REST Resource: projects.locations.entityReconciliationJobs

Resource: EntityReconciliationJob

Entity reconciliation job message.

JSON representation
{
  "name": string,
  "inputConfig": {
    object (InputConfig)
  },
  "outputConfig": {
    object (OutputConfig)
  },
  "state": enum (JobState),
  "error": {
    object (Status)
  },
  "createTime": string,
  "endTime": string,
  "updateTime": string,
  "reconConfig": {
    object (ReconConfig)
  }
}
Fields
name

string

Output only. Resource name of the EntityReconciliationJob.

inputConfig

object (InputConfig)

Required. Information about the input BigQuery tables.

outputConfig

object (OutputConfig)

Required. The desired output location.

state

enum (JobState)

Output only. The detailed state of the job.

error

object (Status)

Output only. Only populated when the job's state is JOB_STATE_FAILED or JOB_STATE_CANCELLED.

createTime

string (Timestamp format)

Output only. Time when the EntityReconciliationJob was created.

A timestamp in RFC3339 UTC "Zulu" format, with nanosecond resolution and up to nine fractional digits. Examples: "2014-10-02T15:01:23Z" and "2014-10-02T15:01:23.045123456Z".

endTime

string (Timestamp format)

Output only. Time when the EntityReconciliationJob entered any of the following states: JOB_STATE_SUCCEEDED, JOB_STATE_FAILED, JOB_STATE_CANCELLED.

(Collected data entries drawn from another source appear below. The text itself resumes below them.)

(* Let $(F_S,\iota)$ be an embedded local étale algebra and let $\Gamma,\Gamma'\subseteq\mathrm{PGL}_2(F_S)$ be commensurable subgroups. Then $\mathcal L^S_{\Gamma'}=\mathcal L^S_\Gamma$.
   Context: Fix a prime $p$ and let $\mathbf{C}$ be the completion of an algebraic closure of $\mathbb{Q}_p$ or of $\mathbb{F}_p((T))$. An embedded local étale algebra $(F_S,\iota)$ consists of a finite non-empty set $S$, non-Archimedean local fields $F_\mathfrak p$ ($\mathfrak p\in S$) of residue characteristic $p$ and the same characteristic as $\mathbf C$, and embeddings $\iota_\mathfrak p\colon F_\mathfrak p\hookrightarrow\mathbf C$. $\mathrm{PGL}_2(F_S)=\prod_\mathfrak p\mathrm{PGL}_2(F_\mathfrak p)$ acts componentwise via $\iota$ by Möbius transformations on $\mathbb P^1(\mathbf C_S)=\prod_{\mathfrak p\in S}\mathbb P^1(\mathbf C)$. For a subgroup $\Gamma$, $\mathcal L^S_\Gamma$ is the set of $x\in\mathbb P^1(\mathbf C_S)$ such that $\gamma_j(y)\to x$ for some $y\in\mathbb P^1(\mathbf C_S)$ and pairwise distinct $\gamma_j\in\Gamma$. *)

theory Defs
  imports "HOL-Computational_Algebra.Polynomial" "HOL-Algebra.Coset"
begin

text \<open>C is modelled as a field type 'k equipped with an absolute value absv.
  The metric/topology on C is the one induced by absv.\<close>

definition abs_closure :: "('k::field \<Rightarrow> real) \<Rightarrow> 'k set \<Rightarrow> 'k set" where
  "abs_closure absv A = {z. \<forall>e>0. \<exists>a\<in>A. absv (z - a) < e}"

definition nonarch_abs :: "('k::field \<Rightarrow> real) \<Rightarrow> bool" where
  "nonarch_abs absv \<longleftrightarrow>
     (\<forall>x. 0 \<le> absv x) \<and> (\<forall>x. absv x = 0 \<longleftrightarrow> x = 0) \<and>
     (\<forall>x y. absv (x * y) = absv x * absv y) \<and>
     (\<forall>x y. absv (x + y) \<le> max (absv x) (absv y))"

definition abs_complete :: "('k::field \<Rightarrow> real) \<Rightarrow> bool" where
  "abs_complete absv \<longleftrightarrow>
     (\<forall>X::nat \<Rightarrow> 'k. (\<forall>e>0. \<exists>N. \<forall>m\<ge>N. \<forall>n\<ge>N. absv (X m - X n) < e) \<longrightarrow>
        (\<exists>L. (\<lambda>n. absv (X n - L)) \<longlonglongrightarrow> 0))"

definition alg_closed_field :: "'k::field itself \<Rightarrow> bool" where
  "alg_closed_field _ \<longleftrightarrow> (\<forall>q::'k poly. 0 < degree q \<longrightarrow> (\<exists>z. poly q z = 0))"

definition algebraic_over :: "'k::field set \<Rightarrow> 'k set" where
  "algebraic_over K0 = {z. \<exists>q::'k poly. q \<noteq> 0 \<and> (\<forall>i. coeff q i \<in> K0) \<and> poly q z = 0}"

text \<open>Base field: closure of Q with |p|<1 (so it is Q_p) in characteristic 0,
  or closure of F_p(t) with 0<|t|<1 (so it is F_p((t))) in characteristic p.\<close>
definition base_field :: "nat \<Rightarrow> ('k::field \<Rightarrow> real) \<Rightarrow> 'k set \<Rightarrow> bool" where
  "base_field p absv K0 \<longleftrightarrow>
     ((\<forall>n::nat. 0 < n \<longrightarrow> of_nat n \<noteq> (0::'k)) \<and> absv (of_nat p) < 1 \<and>
        K0 = abs_closure absv {of_int a / of_int b | a b. True})
   \<or> (of_nat p = (0::'k) \<and>
        (\<exists>t. 0 < absv t \<and> absv t < 1 \<and>
           K0 = abs_closure absv
             {poly (map_poly of_int f) t / poly (map_poly of_int g) t | f g. True}))"

definition is_C :: "nat \<Rightarrow> ('k::field \<Rightarrow> real) \<Rightarrow> bool" where
  "is_C p absv \<longleftrightarrow> prime p \<and> nonarch_abs absv \<and> abs_complete absv \<and>
     alg_closed_field TYPE('k) \<and>
     (\<exists>K0. base_field p absv K0 \<and> abs_closure absv (algebraic_over K0) = UNIV)"
lemma det_zero_iff_kernel:
  "det (to_mat m M) = 0 \<longleftrightarrow> (\<exists>v. (\<exists>i<m. v i \<noteq> 0) \<and> (\<forall>i<m. (\<Sum>j<m. M i j * v j) = 0))"
proof -
  have mult: "(to_mat m M *\<^sub>v vec m v) $ i = (\<Sum>j<m. M i j * v j)" if "i < m" for v i
    using that by (simp add: to_mat_def scalar_prod_def lessThan_atLeast0)
  have "(\<exists>w. w \<in> carrier_vec m \<and> w \<noteq> 0\<^sub>v m \<and> to_mat m M *\<^sub>v w = 0\<^sub>v m)
      \<longleftrightarrow> (\<exists>v. (\<exists>i<m. v i \<noteq> 0) \<and> (\<forall>i<m. (\<Sum>j<m. M i j * v j) = 0))"
  proof
    assume "\<exists>w. w \<in> carrier_vec m \<and> w \<noteq> 0\<^sub>v m \<and> to_mat m M *\<^sub>v w = 0\<^sub>v m"
    then obtain w where w: "w \<in> carrier_vec m" "w \<noteq> 0\<^sub>v m" "to_mat m M *\<^sub>v w = 0\<^sub>v m"
      by blast
    then have w_eq: "w = vec m (\<lambda>i. w $ i)"
      by auto
    have "\<exists>i<m. w $ i \<noteq> 0"
    proof (rule ccontr)
      assume "\<not> (\<exists>i<m. w $ i \<noteq> 0)"
      then have "w = 0\<^sub>v m"
        using w(1) by (intro eq_vecI) auto
      then show False
        using w(2) by simp
    qed
    moreover have "(\<Sum>j<m. M i j * w $ j) = 0" if "i < m" for i
      using arg_cong[OF w(3), of "\<lambda>x. x $ i"] that mult[of i "\<lambda>i. w $ i"] w_eq by simp
    ultimately show "\<exists>v. (\<exists>i<m. v i \<noteq> 0) \<and> (\<forall>i<m. (\<Sum>j<m. M i j * v j) = 0)"
      by blast
  next
    assume "\<exists>v. (\<exists>i<m. v i \<noteq> 0) \<and> (\<forall>i<m. (\<Sum>j<m. M i j * v j) = 0)"
    then obtain v i where i: "i < m" "v i \<noteq> 0" and ker: "\<forall>i<m. (\<Sum>j<m. M i j * v j) = 0"
      by blast
    have "vec m v \<noteq> 0\<^sub>v m"
      using i by (metis index_vec index_zero_vec(1))
    moreover have "to_mat m M *\<^sub>v vec m v = 0\<^sub>v m"
      using ker mult by (intro eq_vecI) (auto simp: to_mat_def)
    ultimately show "\<exists>w. w \<in> carrier_vec m \<and> w \<noteq> 0\<^sub>v m \<and> to_mat m M *\<^sub>v w = 0\<^sub>v m"
      by (intro exI[of _ "vec m v"]) auto
  qed
  then show ?thesis
    unfolding det_0_iff_vec_prod_zero[OF to_mat_carrier] .
qed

A timestamp in RFC3339 UTC "Zulu" format, with nanosecond resolution and up to nine fractional digits. Examples: "2014-10-02T15:01:23Z" and "2014-10-02T15:01:23.045123456Z".

updateTime

string (Timestamp format)

Output only. Time when the EntityReconciliationJob was most recently updated.

A timestamp in RFC3339 UTC "Zulu" format, with nanosecond resolution and up to nine fractional digits. Examples: "2014-10-02T15:01:23Z" and "2014-10-02T15:01:23.045123456Z".

reconConfig

object (ReconConfig)

Optional. Recon configs to adjust the clustering behavior.

InputConfig

The desired input location and metadata.

JSON representation
{
  "bigqueryInputConfigs": [
    {
      object (BigQueryInputConfig)
    }
  ],
  "entityType": enum (EntityType),
  "previousResultBigqueryTable": string
}
Fields
bigqueryInputConfigs[]

object (BigQueryInputConfig)

Set of input BigQuery tables.

entityType

enum (EntityType)

Entity type

previousResultBigqueryTable

string

Optional. Provide the bigquery table containing the previous results if cluster ID stability is desired. Format is projects/*/datasets/*/tables/*.

BigQueryInputConfig

The input config for BigQuery tables.

JSON representation
{
  "bigqueryTable": string,
  "gcsUri": string
}
Fields
bigqueryTable

string

Required. Format is projects/*/datasets/*/tables/*.

gcsUri

string

Required. Schema mapping file

EntityType

The type of entities we will support. Currently, we only support people, establishment, property, and product types. If the type is unspecified, it will be generic type.

Enums
ENTITY_TYPE_UNSPECIFIED The default value.
PEOPLE

People entity.

ESTABLISHMENT

Establishment entity.

PROPERTY

Property entity. e.g. real estate property.

PRODUCT Product entity.
ORGANIZATION Organization entity.
LOCAL_BUSINESS Local Business entity.
PERSON Person entity.

OutputConfig

The desired output location and metadata.

JSON representation
{
  "bigqueryDataset": string
}
Fields
bigqueryDataset

string

Format is projects/*/datasets/*.

JobState

Describes the state of a job.

Enums
JOB_STATE_UNSPECIFIED The job state is unspecified.
JOB_STATE_PENDING The service is preparing to run the job.
JOB_STATE_RUNNING The job is in progress.
JOB_STATE_SUCCEEDED The job completed successfully.
JOB_STATE_FAILED The job failed.
JOB_STATE_CANCELLED The job has been cancelled.
JOB_STATE_KNOWLEDGE_EXTRACTION Entity Recon API: The knowledge extraction job is running.
JOB_STATE_RECON_PREPROCESSING Entity Recon API: The preprocessing job is running.
JOB_STATE_CLUSTERING Entity Recon API: The clustering job is running.
JOB_STATE_EXPORTING_CLUSTERS Entity Recon API: The exporting clusters job is running.

Status

The Status type defines a logical error model that is suitable for different programming environments, including REST APIs and RPC APIs. It is used by gRPC. Each Status message contains three pieces of data: error code, error message, and error details.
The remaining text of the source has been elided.